Line by line, retype the material below exactly, from its first line up to and including the one holding "in lborel. (\<lambda>n.".
_ _ _ _ _
lemma tendsto_second_moment_g1n_div:
  assumes h: "\<And>n. h n > 0" "h \<longlonglongrightarrow> 0"
  shows "(\<lambda>n. (\<integral>\<omega>. (g1n M X K f (h n) (X 1 \<omega>))\<^sup>2 \<partial>M) / (h n)\<^sup>2)
    \<longlonglongrightarrow> (\<integral>x. (f x - (\<integral>y. f y ^ 2 \<partial>lborel))\<^sup>2 * f x \<partial>lborel)"
proof -
  define e where "e n = EK M X K (h n) / h n" for n
  have e_bounds: "0 \<le> e n" "e n \<le> f_sup" for n
    using EK_nonneg[OF h(1)] EK_le[OF h(1)] h(1)[of n] by (auto simp: e_def field_simps)
  have eq: "(\<integral>\<omega>. (g1n M X K f (h n) (X 1 \<omega>))\<^sup>2 \<partial>M) / (h n)\<^sup>2
      = (\<integral>x. f x * (smoothed_f (h n) x - e n)\<^sup>2 \<partial>lborel)" for n
    using second_moment_g1n_eq[OF h(1)] h(1)[of n] by (simp add: e_def)
  have "(\<lambda>n. \<integral>x. f x * (smoothed_f (h n) x - e n)\<^sup>2 \<partial>lborel)
    \<longlonglongrightarrow> (\<integral>x. f x * (f x - (\<integral>y. f y ^ 2 \<partial>lborel))\<^sup>2 \<partial>lborel)"
  proof (rule integral_dominated_convergence[where w="\<lambda>x. f_sup\<^sup>2 * f x"])
    show "(\<lambda>x. f x * (f x - (\<integral>y. f y ^ 2 \<partial>lborel))\<^sup>2) \<in> borel_measurable lborel" by measurable
    show "(\<lambda>x. f x * (smoothed_f (h n) x - e n)\<^sup>2) \<in> borel_measurable lborel" for n by measurable
    show "integrable lborel (\<lambda>x. f_sup\<^sup>2 * f x)" using integrable_f by simp
    show "AE x in lborel. (\<lambda>n. f x * (smoothed_f (h n) x - e n)\<^sup>2)
        \<longlonglongrightarrow> f x * (f x - (\<integral>y. f y ^ 2 \<partial>lborel))\<^sup>2"
      unfolding e_def by (intro AE_I2 tendsto_intros tendsto_smoothed_f tendsto_EK_div h)
    show "AE x in lborel. norm (f x * (smoothed_f (h n) x - e n)\<^sup>2) \<le> f_sup\<^sup>2 * f x" for n
    proof (rule AE_I2)
      fix x
      have "\<bar>smoothed_f (h n) x - e n\<bar> \<le> f_sup"
        using smoothed_f_nonneg[of "h n" x] smoothed_f_le[of "h n" x] e_bounds[of n]
        by (simp add: abs_le_iff)
      then have "(smoothed_f (h n) x - e n)\<^sup>2 \<le> f_sup\<^sup>2"
        by (metis abs_ge_zero power2_abs power_mono)
      then show "norm (f x * (smoothed_f (h n) x - e n)\<^sup>2) \<le> f_sup\<^sup>2 * f x"
        using f_nonneg[of x] by (simp add: abs_mult mult.commute mult_left_mono)
    qed
  qed
  then show ?thesis unfolding eq by (simp add: mult.commute)
qed

lemma second_moment_g1n_asymp:
  assumes "\<And>n. h n > 0" "h \<longlonglongrightarrow> 0"
  shows "(\<lambda>n. \<integral>\<omega>. (g1n M X K f (h n) (X 1 \<omega>))\<^sup>2 \<partial>M) \<sim>[sequentially]
    (\<lambda>n. (\<integral>x. (f x - (\<integral>y. f y ^ 2 \<partial>lborel))\<^sup>2 * f x \<partial>lborel) * (h n)\<^sup>2)"
  using integral_sq_diff_f_pos
  by (intro asymp_equivI'_const tendsto_second_moment_g1n_div assms) (simp add: less_imp_neq[symmetric])

lemma K_X_meas [measurable]:
  "i \<ge> 1 \<Longrightarrow> j \<ge> 1 \<Longrightarrow> (\<lambda>\<omega>. K ((X i \<omega> - X j \<omega>) / h)) \<in> borel_measurable M"
  by measurable

lemma g2n_X_meas [measurable]:
  "i \<ge> 1 \<Longrightarrow> j \<ge> 1 \<Longrightarrow> (\<lambda>\<omega>. g2n M X K f h (X i \<omega>) (X j \<omega>)) \<in> borel_measurable M"
  using measurable_compose[OF measurable_Pair[OF X_meas[of i] X_meas[of j]] g2n_meas[of h]] by simp

lemma moment_g2n_diff_le:
  assumes h: "h > 0" and j: "2 \<le> j"
  shows "\<bar>(\<integral>\<omega>. g2n M X K f h (X 1 \<omega>) (X 2 \<omega>) ^ j \<partial>M) - (\<integral>\<omega>. K ((X 1 \<omega> - X 2 \<omega>) / h) ^ j \<partial>M)\<bar>
    \<le> h\<^sup>2 * (12 * real j * f_sup\<^sup>2 * (K_sup + 3 * h * f_sup) ^ (j - 2))"
proof -
  define a where "a \<omega> = g2n M X K f h (X 1 \<omega>) (X 2 \<omega>)" for \<omega>
  define b where "b \<omega> = K ((X 1 \<omega> - X 2 \<omega>) / h)" for \<omega>
  define r where "r = 3 * h * f_sup"
  define C where "C = j * r * (K_sup + r) ^ (j - 2)"
  have [measurable]: "a \<in> borel_measurable M" "b \<in> borel_measurable M"
    unfolding a_def b_def by measurable
  have ab: "\<bar>a \<omega> - b \<omega>\<bar> \<le> r" for \<omega>
    unfolding a_def b_def r_def by (rule abs_g2n_diff_K_le[OF h])
  have b: "0 \<le> b \<omega>" "b \<omega> \<le> K_sup" for \<omega>
    unfolding b_def by (rule K_nonneg, rule K_le_sup)
  have r: "0 \<le> r" unfolding r_def using h f_sup_nonneg by simp
  have int_b: "integrable M b"
    using b by (intro integrable_const_bound[where B=K_sup]) auto
  have int_a_pow: "integrable M (\<lambda>\<omega>. a \<omega> ^ j)"
  proof (rule integrable_const_bound[where B="(K_sup + r) ^ j"])
    have "\<bar>a \<omega>\<bar> \<le> K_sup + r" for \<omega> using ab[of \<omega>] b[of \<omega>] by linarith
    then show "AE \<omega> in M. norm (a \<omega> ^ j) \<le> (K_sup + r) ^ j"
      by (auto simp: power_abs intro!: power_mono)
  qed measurable
  have int_b_pow: "integrable M (\<lambda>\<omega>. b \<omega> ^ j)"
    using b by (intro integrable_const_bound[where B="K_sup ^ j"]) (auto intro!: power_mono)
  have "\<bar>(\<integral>\<omega>. a \<omega> ^ j \<partial>M) - (\<integral>\<omega>. b \<omega> ^ j \<partial>M)\<bar> \<le> (\<integral>\<omega>. \<bar>a \<omega> ^ j - b \<omega> ^ j\<bar> \<partial>M)"
    using int_a_pow int_b_pow by (simp flip: Bochner_Integration.integral_diff)
  also have "\<dots> \<le> (\<integral>\<omega>. C * (b \<omega> + r) \<partial>M)"
    using int_a_pow int_b_pow int_b abs_power_diff_le[OF ab b j] unfolding C_def
    by (intro integral_mono) (auto simp: mult.assoc)
  also have "\<dots> = C * ((\<integral>\<omega>. b \<omega> \<partial>M) + r)"
    using int_b by (simp add: prob_space)
  also have "\<dots> \<le> C * (h * f_sup + r)"
    using EK_le[OF h] r K_sup_nonneg unfolding EK_def b_def[symmetric] C_def
    by (intro mult_left_mono) auto
  also have "\<dots> = h\<^sup>2 * (12 * real j * f_sup\<^sup>2 * (K_sup + 3 * h * f_sup) ^ (j - 2))"
    unfolding C_def r_def by (simp add: power2_eq_square algebra_simps)
  finally show ?thesis unfolding a_def b_def .
qed

lemma moment_g2n_asymp:
  assumes j: "2 \<le> j" and h: "\<And>n. h n > 0" "h \<longlonglongrightarrow> 0"
  shows "(\<lambda>n. \<integral>\<omega>. g2n M X K f (h n) (X 1 \<omega>) (X 2 \<omega>) ^ j \<partial>M)
    \<sim>[sequentially] (\<lambda>n. \<integral>\<omega>. K ((X 1 \<omega> - X 2 \<omega>) / h n) ^ j \<partial>M)"
proof (rule asymp_equiv_if_diff_le)
  show "\<bar>(\<integral>\<omega>. g2n M X K f (h n) (X 1 \<omega>) (X 2 \<omega>) ^ j \<partial>M) - (\<integral>\<omega>. K ((X 1 \<omega> - X 2 \<omega>) / h n) ^ j \<partial>M)\<bar>
    \<le> h n * (h n * (12 * real j * f_sup\<^sup>2 * (K_sup + 3 * h n * f_sup) ^ (j - 2)))" for n
    using moment_g2n_diff_le[OF h(1) j, of n] by (simp add: power2_eq_square mult.assoc)
  have "(\<lambda>n. h n * (12 * real j * f_sup\<^sup>2 * (K_sup + 3 * h n * f_sup) ^ (j - 2)))
    \<longlonglongrightarrow> 0 * (12 * real j * f_sup\<^sup>2 * (K_sup + 3 * 0 * f_sup) ^ (j - 2))"
    by (intro tendsto_intros h(2))
  then show "(\<lambda>n. h n * (12 * real j * f_sup\<^sup>2 * (K_sup + 3 * h n * f_sup) ^ (j - 2))) \<longlonglongrightarrow> 0"
    by simp
  show "(\<integral>s. K s ^ j \<partial>lborel) * (\<integral>x. f x ^ 2 \<partial>lborel) \<noteq> 0"
    using integral_K_power_pos[of j] integral_f_power_pos[of 2] j by simp
qed (use tendsto_expectation_K_power_div[OF _ h] j h(1) in auto)

lemma nn_integral_law_K_plus_mult_le:
  assumes h: "h > 0" and r: "r \<ge> 0"
  shows "(\<integral>\<^sup>+w. ennreal (K ((w - x) / h) + r) * t \<partial>law) \<le> ennreal (h * f_sup + r) * t"
proof -
  have "(\<integral>\<^sup>+w. ennreal (K ((w - x) / h) + r) \<partial>law) = ennreal (\<integral>w. f w * (K ((x - w) / h) + r) \<partial>lborel)"
    using K_nonneg K_le_sup r
    by (subst nn_integral_law[where B="K_sup + r"]) (auto simp: K_diff_commute[of _ x] intro: add_mono)
  also have "(\<integral>w. f w * (K ((x - w) / h) + r) \<partial>lborel) = h * smoothed_f h x + r"
    using integral_f_K_scaled[OF h] integral_f K_nonneg K_le_sup integrable_f
    by (simp add: distrib_left integrable_f_mult[where B=K_sup])
  finally have "(\<integral>\<^sup>+w. ennreal (K ((w - x) / h) + r) \<partial>law) \<le> ennreal (h * f_sup + r)"
    using smoothed_f_le[of h x] h by (simp add: ennreal_leI)
  then show ?thesis
    by (subst nn_integral_multc) (auto intro: mult_right_mono)
qed

lemma expectation_K_path_le:
  assumes abcd: "a \<ge> 1" "b \<ge> 1" "c \<ge> 1" "d \<ge> 1" "distinct [a, b, c, d]" and h: "h > 0" and r: "r \<ge> 0"
  shows "(\<integral>\<omega>. (K ((X a \<omega> - X b \<omega>) / h) + r) * (K ((X b \<omega> - X c \<omega>) / h) + r) * (K ((X c \<omega> - X d \<omega>) / h) + r) \<partial>M)
    \<le> (h * f_sup + r) ^ 3"
proof -
  define l where "l x y = K ((x - y) / h) + r" for x y
  define B where "B = h * f_sup + r"
  have l_nonneg: "0 \<le> l x y" for x y unfolding l_def using K_nonneg r by simp
  have B: "B \<ge> 0" unfolding B_def using h f_sup_nonneg r by simp
  have [measurable]: "(\<lambda>w. l w x) \<in> borel_measurable borel" for x unfolding l_def by measurable
  have step: "(\<integral>\<^sup>+w. ennreal (l w x) * t \<partial>law) \<le> ennreal B * t" for x t
    unfolding l_def B_def by (rule nn_integral_law_K_plus_mult_le[OF h r])
  have "(\<lambda>(w, x, y, z). ennreal (l w x) * (ennreal (l x y) * ennreal (l y z)))
    \<in> borel_measurable (borel \<Otimes>\<^sub>M borel \<Otimes>\<^sub>M borel \<Otimes>\<^sub>M borel)"
    unfolding l_def by measurable
  from nn_integral_X4[OF abcd this]
  have "(\<integral>\<^sup>+\<omega>. ennreal (l (X a \<omega>) (X b \<omega>) * l (X b \<omega>) (X c \<omega>) * l (X c \<omega>) (X d \<omega>)) \<partial>M)
    = (\<integral>\<^sup>+z. \<integral>\<^sup>+y. \<integral>\<^sup>+x. \<integral>\<^sup>+w. ennreal (l w x) * (ennreal (l x y) * ennreal (l y z)) \<partial>law \<partial>law \<partial>law \<partial>law)"
    using l_nonneg by (simp add: ennreal_mult mult.assoc)
  also have "\<dots> \<le> (\<integral>\<^sup>+z. \<integral>\<^sup>+y. \<integral>\<^sup>+x. ennreal B * (ennreal (l x y) * ennreal (l y z)) \<partial>law \<partial>law \<partial>law)"
    by (intro nn_integral_mono step)
  also have "\<dots> \<le> (\<integral>\<^sup>+z. \<integral>\<^sup>+y. ennreal B * (ennreal B * ennreal (l y z)) \<partial>law \<partial>law)"
    using step by (intro nn_integral_mono) (simp add: nn_integral_cmult mult_left_mono)
  also have "\<dots> \<le> (\<integral>\<^sup>+z. ennreal B * (ennreal B * ennreal B) \<partial>law)"
    using step[of _ 1] by (intro nn_integral_mono) (simp add: nn_integral_cmult mult_left_mono)
  also have "\<dots> = ennreal (B ^ 3)" using B by (simp add: ennreal_mult power3_eq_cube mult.assoc)
  finally have "(\<integral>\<^sup>+\<omega>. ennreal (l (X a \<omega>) (X b \<omega>) * l (X b \<omega>) (X c \<omega>) * l (X c \<omega>) (X d \<omega>)) \<partial>M) \<le> ennreal (B ^ 3)" .
  then show ?thesis
    using abcd l_nonneg B unfolding l_def[symmetric] B_def[symmetric]
    by (subst integral_eq_nn_integral) (auto simp: l_def intro: enn2real_leI)
qed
_ _ _ _ _
§ **Exercise output**
lemma tendsto_second_moment_g1n_div:
  assumes h: "\<And>n. h n > 0" "h \<longlonglongrightarrow> 0"
  shows "(\<lambda>n. (\<integral>\<omega>. (g1n M X K f (h n) (X 1 \<omega>))\<^sup>2 \<partial>M) / (h n)\<^sup>2)
    \<longlonglongrightarrow> (\<integral>x. (f x - (\<integral>y. f y ^ 2 \<partial>lborel))\<^sup>2 * f x \<partial>lborel)"
proof -
  define e where "e n = EK M X K (h n) / h n" for n
  have e_bounds: "0 \<le> e n" "e n \<le> f_sup" for n
    using EK_nonneg[OF h(1)] EK_le[OF h(1)] h(1)[of n] by (auto simp: e_def field_simps)
  have eq: "(\<integral>\<omega>. (g1n M X K f (h n) (X 1 \<omega>))\<^sup>2 \<partial>M) / (h n)\<^sup>2
      = (\<integral>x. f x * (smoothed_f (h n) x - e n)\<^sup>2 \<partial>lborel)" for n
    using second_moment_g1n_eq[OF h(1)] h(1)[of n] by (simp add: e_def)
  have "(\<lambda>n. \<integral>x. f x * (smoothed_f (h n) x - e n)\<^sup>2 \<partial>lborel)
    \<longlonglongrightarrow> (\<integral>x. f x * (f x - (\<integral>y. f y ^ 2 \<partial>lborel))\<^sup>2 \<partial>lborel)"
  proof (rule integral_dominated_convergence[where w="\<lambda>x. f_sup\<^sup>2 * f x"])
    show "(\<lambda>x. f x * (f x - (\<integral>y. f y ^ 2 \<partial>lborel))\<^sup>2) \<in> borel_measurable lborel" by measurable
    show "(\<lambda>x. f x * (smoothed_f (h n) x - e n)\<^sup>2) \<in> borel_measurable lborel" for n by measurable
    show "integrable lborel (\<lambda>x. f_sup\<^sup>2 * f x)" using integrable_f by simp
    show "AE x in lborel. (\<lambda>n. f x * (smoothed_f (h n) x - e n)\<^sup>2)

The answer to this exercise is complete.